儿童生殖细胞瘤全脑放射治疗中自适应消除摆位累积误差新技术探讨

doi:10.3969/j.issn.1006-7795.2023.02.022

摘要/Abstract

摘要： 目的以影像引导放射治疗(image guided-radiotherapy, IGRT)为基础探讨儿童生殖细胞瘤全脑自适应放射治疗(以下简称放疗）(adaptive radio therapy，ART）可行性，为临床全脑ART提供依据。方法回顾性研究首都医科大学附属北京天坛医院放射治疗科20例中枢神经系统生殖细胞肿瘤(germ cell tumors, GCTs)行全脑预防性照射的放疗患者。每例患者治疗前三次及后每周行一次锥形束电子计算机断层扫描(cone beam computed tomography,CBCT)，共7次。记录整个治疗过程中左右(lateral, LAT)、进出(longitudinal, LNG)、升降(vertical, VRT)方向上的摆位误差值。原计划命名为Plan_A，将因摆位误差值产生新的治疗中心点(treatment center point,ISO)回归治疗计划系统，不改变射野权重、射野分布情况下进行体积剂量计算，用Plan Sum功能相加摆位累积误差产生新计划得到Plan_B。将摆位累积误差产生的新计划用Acuros XB算法重新快速优化后用Plan Sum功能相加得到Plan_C。对比Plan_A、Plan_B、Plan_C的靶区及危及器官(organ at risk, OAR)剂量变化并用Wilcoxon配对符号秩检验证统计学差异。
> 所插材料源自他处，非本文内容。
(* Let $\epsilon\in(0,1-2^{-1/2})$ and $(a,b)\in\mathbf B_\epsilon$. Then with $\eta=3^{3/2}2^{-1}$, $$\operatorname{ess\,sup}_{z\in\mathbb T}\frac{|b(z)|}{|a(z)|}\le 1-\eta\epsilon.$$
   Context: $\mathbb T$ unit circle, $\mathbb D$ open unit disc, $\mathbb D^*=\{\overline z^{-1}:z\in\mathbb D\}\cup\{\infty\}$, $a^*(z)=\overline{a(\overline z^{-1})}$. $H^2(\mathbb D)$: functions in $L^2(\mathbb T)$ with vanishing negative Fourier coefficients; $H^2(\mathbb D^* )$: $f$ with $f^*\in H^2(\mathbb D)$, extended analytically to $\mathbb D^*$ with $f(\infty)=\overline{f^*(0)}$. $\mathbf L$: pairs $(a,b)$ of measurable functions on $\mathbb T$ with $aa^*+bb^*=1$ a.e. on $\mathbb T$, $a\in H^2(\mathbb D^* )$, $a(\infty)>0$. $\mathbf B$: $(a,b)\in\mathbf L$ with $\inf_{z\in\mathbb D^*}|a(z)|^2>\frac12$. For $\epsilon>0$, $\mathbf B_\epsilon$ is the set of $(a,b)\in\mathbf B$ with $\inf_{z\in\mathbb D^*}|a(z)|\ge 2^{-1/2}+\epsilon$. *)

theory Defs
  imports "HOL-Analysis.Analysis" "HOL-Probability.Essential_Supremum"
begin

definition T_meas :: "complex measure" where
  "T_meas = distr (restrict_space lborel {0..<2*pi}) borel cis"

definition fourier_coeff :: "(complex \<Rightarrow> complex) \<Rightarrow> int \<Rightarrow> complex" where
  "fourier_coeff f n = (integral\<^sup>L T_meas (\<lambda>z. f z * z powi (- n))) / complex_of_real (2*pi)"

definition L2_T :: "(complex \<Rightarrow> complex) \<Rightarrow> bool" where
  "L2_T f \<longleftrightarrow> f \<in> borel_measurable T_meas \<and> integrable T_meas (\<lambda>z. (cmod (f z))^2)"

definition H2_D :: "(complex \<Rightarrow> complex) \<Rightarrow> bool" where
  "H2_D f \<longleftrightarrow> L2_T f \<and> (\<forall>n::int. n < 0 \<longrightarrow> fourier_coeff f n = 0)"

definition star :: "(complex \<Rightarrow> complex) \<Rightarrow> complex \<Rightarrow> complex" where
  "star f z = cnj (f (1 / cnj z))"

definition H2_Dstar :: "(complex \<Rightarrow> complex) \<Rightarrow> bool" where
  "H2_Dstar f \<longleftrightarrow> H2_D (star f)"

definition H2_D_ext :: "(complex \<Rightarrow> complex) \<Rightarrow> complex \<Rightarrow> complex" where
  "H2_D_ext f w = (\<Sum>n. fourier_coeff f (int n) * w ^ n)"

definition H2_Dstar_ext :: "(complex \<Rightarrow> complex) \<Rightarrow> complex \<Rightarrow> complex" where
  "H2_Dstar_ext f z = cnj (H2_D_ext (star f) (1 / cnj z))"

text \<open>Value at infinity: f(\<infinity>) = conj (f^*(0)).\<close>
definition H2_Dstar_inf :: "(complex \<Rightarrow> complex) \<Rightarrow> complex" where
  "H2_Dstar_inf f = cnj (H2_D_ext (star f) 0)"

definition inf_abs_Dstar :: "(complex \<Rightarrow> complex) \<Rightarrow> real" where
  "inf_abs_Dstar f = Inf (insert (cmod (H2_Dstar_inf f)) {cmod (H2_Dstar_ext f z) | z. 1 < cmod z})"

definition inf_abs2_Dstar :: "(complex \<Rightarrow> complex) \<Rightarrow> real" where
  "inf_abs2_Dstar f = Inf (insert ((cmod (H2_Dstar_inf f))^2) {(cmod (H2_Dstar_ext f z))^2 | z. 1 < cmod z})"

definition class_L :: "(complex \<Rightarrow> complex) \<Rightarrow> (complex \<Rightarrow> complex) \<Rightarrow> bool" where
  "class_L a b \<longleftrightarrow> a \<in> borel_measurable T_meas \<and> b \<in> borel_measurable T_meas
     \<and> (AE z in T_meas. a z * star a z + b z * star b z = 1)
     \<and> H2_Dstar a \<and> H2_Dstar_inf a \<in> \<real> \<and> Re (H2_Dstar_inf a) > 0"

definition class_B :: "(complex \<Rightarrow> complex) \<Rightarrow> (complex \<Rightarrow> complex) \<Rightarrow> bool" where
  "class_B a b \<longleftrightarrow> class_L a b \<and> inf_abs2_Dstar a > 1/2"

definition class_B_eps :: "real \<Rightarrow> (complex \<Rightarrow> complex) \<Rightarrow> (complex \<Rightarrow> complex) \<Rightarrow> bool" where
  "class_B_eps \<epsilon> a b \<longleftrightarrow> class_B a b \<and> inf_abs_Dstar a \<ge> 2 powr (-1/2) + \<epsilon>"

end

theory Submission
  imports Defs
begin

text \<open>
  Let \<open>g = a\<^sup>*\<close>, a function in \<open>H\<^sup>2(D)\<close>. Its extension into the disc \<open>D\<close> is the Poisson
  integral of its boundary values, so \<open>P\<^sub>r|g|(s) \<ge> |g(r e\<^bsup>is\<^esup>)| \<ge> inf\<^bsub>D*\<^esub> |a| \<ge> 2\<^bsup>-1/2\<^esup> + \<epsilon>\<close>
  for all \<open>r < 1\<close> and all \<open>s\<close>. Integrating this against the indicator function of an arc and
  letting \<open>r \<rightarrow> 1\<close> (the Poisson kernel is an approximate identity) gives the same lower bound for
  the averages of \<open>|g| = |a|\<close> over arcs of \<open>T\<close>, so \<open>|a| \<ge> 2\<^bsup>-1/2\<^esup> + \<epsilon>\<close> almost everywhere on
  \<open>T\<close> by Lebesgue's differentiation theorem. Since \<open>|a|\<^sup>2 + |b|\<^sup>2 = 1\<close> a.e. on \<open>T\<close>, we have
  \<open>|b|/|a| = \<psi>(|a|)\<close> with \<open>\<psi>(x) = \<surd>(1 - x\<^sup>2)/x\<close>, and the bound follows from
  \<open>\<psi>(2\<^bsup>-1/2\<^esup>) = 1\<close> and \<open>\<psi>'(x) = -1/(x\<^sup>2 \<surd>(1 - x\<^sup>2)) \<le> -3\<^bsup>3/2\<^esup>/2\<close>.
\<close>

section \<open>The function \<open>\<surd>(1 - x\<^sup>2)/x\<close>\<close>

lemma inverse_square_sqrt_ge:
  fixes u :: real
  assumes "0 < u" "u < 1"
  shows "3 * sqrt 3 / 2 \<le> 1 / (u^2 * sqrt (1 - u^2))"
proof -
  have s: "0 < sqrt (1 - u^2)" using assms by (simp add: power_less_one_iff abs_less_iff)
  have "4 - 27 * (u^2)^2 * (1 - u^2) = (3 * u^2 - 2)^2 * (3 * u^2 + 1)"
    by (simp add: power2_eq_square algebra_simps)
  also have "\<dots> \<ge> 0" using assms by simp
  finally have "(u^2)^2 * (1 - u^2) \<le> 4/27" by simp
  hence "(u^2 * sqrt (1 - u^2))^2 \<le> (2 / (3 * sqrt 3))^2"
    using assms by (simp add: power_mult_distrib power_divide abs_square_le_1)
  hence "u^2 * sqrt (1 - u^2) \<le> 2 / (3 * sqrt 3)"
    by (rule power2_le_imp_le) simp
  thus ?thesis using s assms by (simp add: field_simps)
qed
结果与Plan_A相比，Plan_B 均匀性指均匀性指数（homogeneity index, HI）95计划靶区（planning target volume， PTV）、 HI98 PTV为1.058 4~1.084 7。适形度指数(conformity index, CI）PTV为0.934 4。临床靶区（clinical target volume, CTV）D_min相对偏差为－7.22%，P值为0.000 7。OAR相对偏差为－0.1%~9.8%。与Plan_ A相比，Plan_ C的HI95 PTV、 HI98 PTV为1.056 9~1.078 8。CI PTV为0.936 5。CTV D_min相对偏差为－1.69%，P值为0.545 9。OAR相对偏差为－0.15%~3.40%。结论儿童生殖细胞瘤全脑放疗摆位累计误差对靶区及危及器官剂量差异有统计学意义，摆位累计误差导致靶区均匀性及适形度变差，CTV的D_min 变化超过5%，OAR受量增高。ART再计划可以让靶区均匀性和适形度及危及器官受量接近原计划。同时Plan_B虽然存在相对偏差，但是危及器官的绝对剂量在合理范围内。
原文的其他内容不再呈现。